Economics professor at Oxford Simon Wren-Lewis has thoroughly examined the case, and his notes show how euro zone authorities have failed to manage the problem and their many, many mistakes.

Because Greece has effectively obeyed, implementing the budget cuts requested by the Troika. As seen above, spending has contracted, but tax income has fallen even faster due to the recession. This year, Greece’s fiscal balance–excluding interest payments–has adjusted to -1.7 percent of GDP, but with interest payments at 5.8 percent of GDP, the total deficit is -7.5 percent. In the meanwhile, its debt per GDP grows and its GDP drops (-6 percent in 2012, forth consecutive annual fall).

The biggest error has been to underestimate the real contraction effect of the administered budget cuts. As the chart below tells us, the IMF has had to review its GDP and employment forecasts, trapped between the stringent bailout measures. Accomplice of policies it was sceptic about, the IMF has played along forced by politics. Now, Ms Lagarde complains, as Spain’s president Mariano Rajoy should, too, instead of cowardly submit themselves to this euro torture.

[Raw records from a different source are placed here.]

(* Variational characterisation: a unit vector maximising the quadratic form of a symmetric
   matrix over an invariant subspace is an eigenvector (first variation of the Rayleigh quotient). *)
lemma rayleigh_maximizer_is_eigenvector:
  fixes A :: "real^'n^'n"
  assumes sym: "transpose A = A" and W: "subspace W" and inv: "\<And>x. x \<in> W \<Longrightarrow> A *v x \<in> W"
    and x0: "x0 \<in> W" "norm x0 = 1"
    and max: "\<And>y. y \<in> W \<Longrightarrow> norm y = 1 \<Longrightarrow> y \<bullet> (A *v y) \<le> x0 \<bullet> (A *v x0)"
  shows "A *v x0 = (x0 \<bullet> (A *v x0)) *\<^sub>R x0"
proof -
  define l where "l = x0 \<bullet> (A *v x0)"
  have bound: "y \<bullet> (A *v y) \<le> l * (y \<bullet> y)" if "y \<in> W" for y
  proof (cases "y = 0")
    case False
    have "y /\<^sub>R norm y \<in> W" using W that by (simp add: subspace_scale)
    moreover have "norm (y /\<^sub>R norm y) = 1" using False by simp
    ultimately have "(y /\<^sub>R norm y) \<bullet> (A *v (y /\<^sub>R norm y)) \<le> l"
      unfolding l_def by (rule max)
    then have "(y \<bullet> (A *v y)) / (norm y)\<^sup>2 \<le> l"
      by (simp add: matrix_vector_mult_scaleR power2_eq_square divide_simps)
    then show ?thesis using False by (simp add: divide_le_eq dot_square_norm)
  qed simp
  define r where "r = A *v x0 - l *\<^sub>R x0"
  have r: "r \<in> W" unfolding r_def using W x0 inv by (simp add: subspace_diff subspace_scale)
  have "(2 * (r \<bullet> r)) * t + (r \<bullet> (A *v r) - l * (r \<bullet> r)) * t\<^sup>2 \<le> 0" for t
  proof -
    have x1: "x0 \<bullet> x0 = 1" using x0 by (simp add: dot_square_norm)
    have sx: "x0 \<bullet> (A *v r) = r \<bullet> (A *v x0)"
      using inner_symmetric_matrix[OF sym] by (metis inner_commute)
    have rr: "r \<bullet> r = r \<bullet> (A *v x0) - l * (r \<bullet> x0)"
      by (simp add: r_def inner_diff_right)
    have "(x0 + t *\<^sub>R r) \<bullet> (A *v (x0 + t *\<^sub>R r)) = l + 2*t*(r \<bullet> (A *v x0)) + t\<^sup>2*(r \<bullet> (A *v r))"
      by (simp add: matrix_vector_right_distrib matrix_vector_mult_scaleR inner_add_left
          inner_add_right l_def power2_eq_square sx algebra_simps)
    moreover have "l * ((x0 + t *\<^sub>R r) \<bullet> (x0 + t *\<^sub>R r)) = l + 2*t*(l * (r \<bullet> x0)) + t\<^sup>2*(l * (r \<bullet> r))"
      by (simp add: inner_add_left inner_add_right power2_eq_square inner_commute x1 algebra_simps)
    moreover have "(x0 + t *\<^sub>R r) \<bullet> (A *v (x0 + t *\<^sub>R r)) \<le> l * ((x0 + t *\<^sub>R r) \<bullet> (x0 + t *\<^sub>R r))"
      using bound W x0 r by (simp add: subspace_add subspace_scale)
    moreover have "(2 * (r \<bullet> r)) * t + (r \<bullet> (A *v r) - l * (r \<bullet> r)) * t\<^sup>2
        = (2*t*(r \<bullet> (A *v x0)) + t\<^sup>2*(r \<bullet> (A *v r))) - (2*t*(l * (r \<bullet> x0)) + t\<^sup>2*(l * (r \<bullet> r)))"
      unfolding rr by (simp add: algebra_simps)
    ultimately show ?thesis by linarith
  qed
  then have "2 * (r \<bullet> r) = 0" by (rule linear_coeff_zero_if_quadratic_nonpos)
  then show ?thesis by (simp add: r_def l_def)
qed

(* Every nonzero invariant subspace of a symmetric matrix contains a unit eigenvector: the
   quadratic form attains its maximum on the compact unit sphere of the subspace. *)
lemma symmetric_eigenvector_in_invariant_subspace:
  fixes A :: "real^'n^'n"
  assumes sym: "transpose A = A" and W: "subspace W" and nontriv: "W \<noteq> {0}"
    and inv: "\<And>x. x \<in> W \<Longrightarrow> A *v x \<in> W"
  shows "\<exists>x\<in>W. norm x = 1 \<and> (\<exists>c. A *v x = c *\<^sub>R x)"
proof -
  define K where "K = sphere 0 1 \<inter> W"
  obtain z where "z \<in> W" "z \<noteq> 0" using nontriv subspace_0[OF W] by blast
  then have "z /\<^sub>R norm z \<in> K" using W by (simp add: K_def subspace_scale)
  moreover have "compact K" unfolding K_def using closed_subspace[OF W] by (simp add: compact_Int_closed)
  moreover have "continuous_on K (\<lambda>x. x \<bullet> (A *v x))"
    by (intro continuous_on_inner continuous_on_id matrix_vector_mult_linear_continuous_on)
  ultimately obtain x0 where x0: "x0 \<in> K" and max: "\<And>y. y \<in> K \<Longrightarrow> y \<bullet> (A *v y) \<le> x0 \<bullet> (A *v x0)"
    using continuous_attains_sup[of K "\<lambda>x. x \<bullet> (A *v x)"] by blast
  have "A *v x0 = (x0 \<bullet> (A *v x0)) *\<^sub>R x0"
    using x0 max by (intro rayleigh_maximizer_is_eigenvector[OF sym W inv]) (auto simp: K_def)
  then show ?thesis using x0 by (auto simp: K_def)
qed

Greece has one foot in hell, and other countries in the euro zone will follow its tracks, blindly moving ahead under the instructions of incompetent politicians. Spain, for instance, isn’t yet at that point, but there is little signal that its demise will be prevented. Unless Europe changes its plans, long-term unemployment and social unrest will become the only result of the economic pains we are just beginning to feel.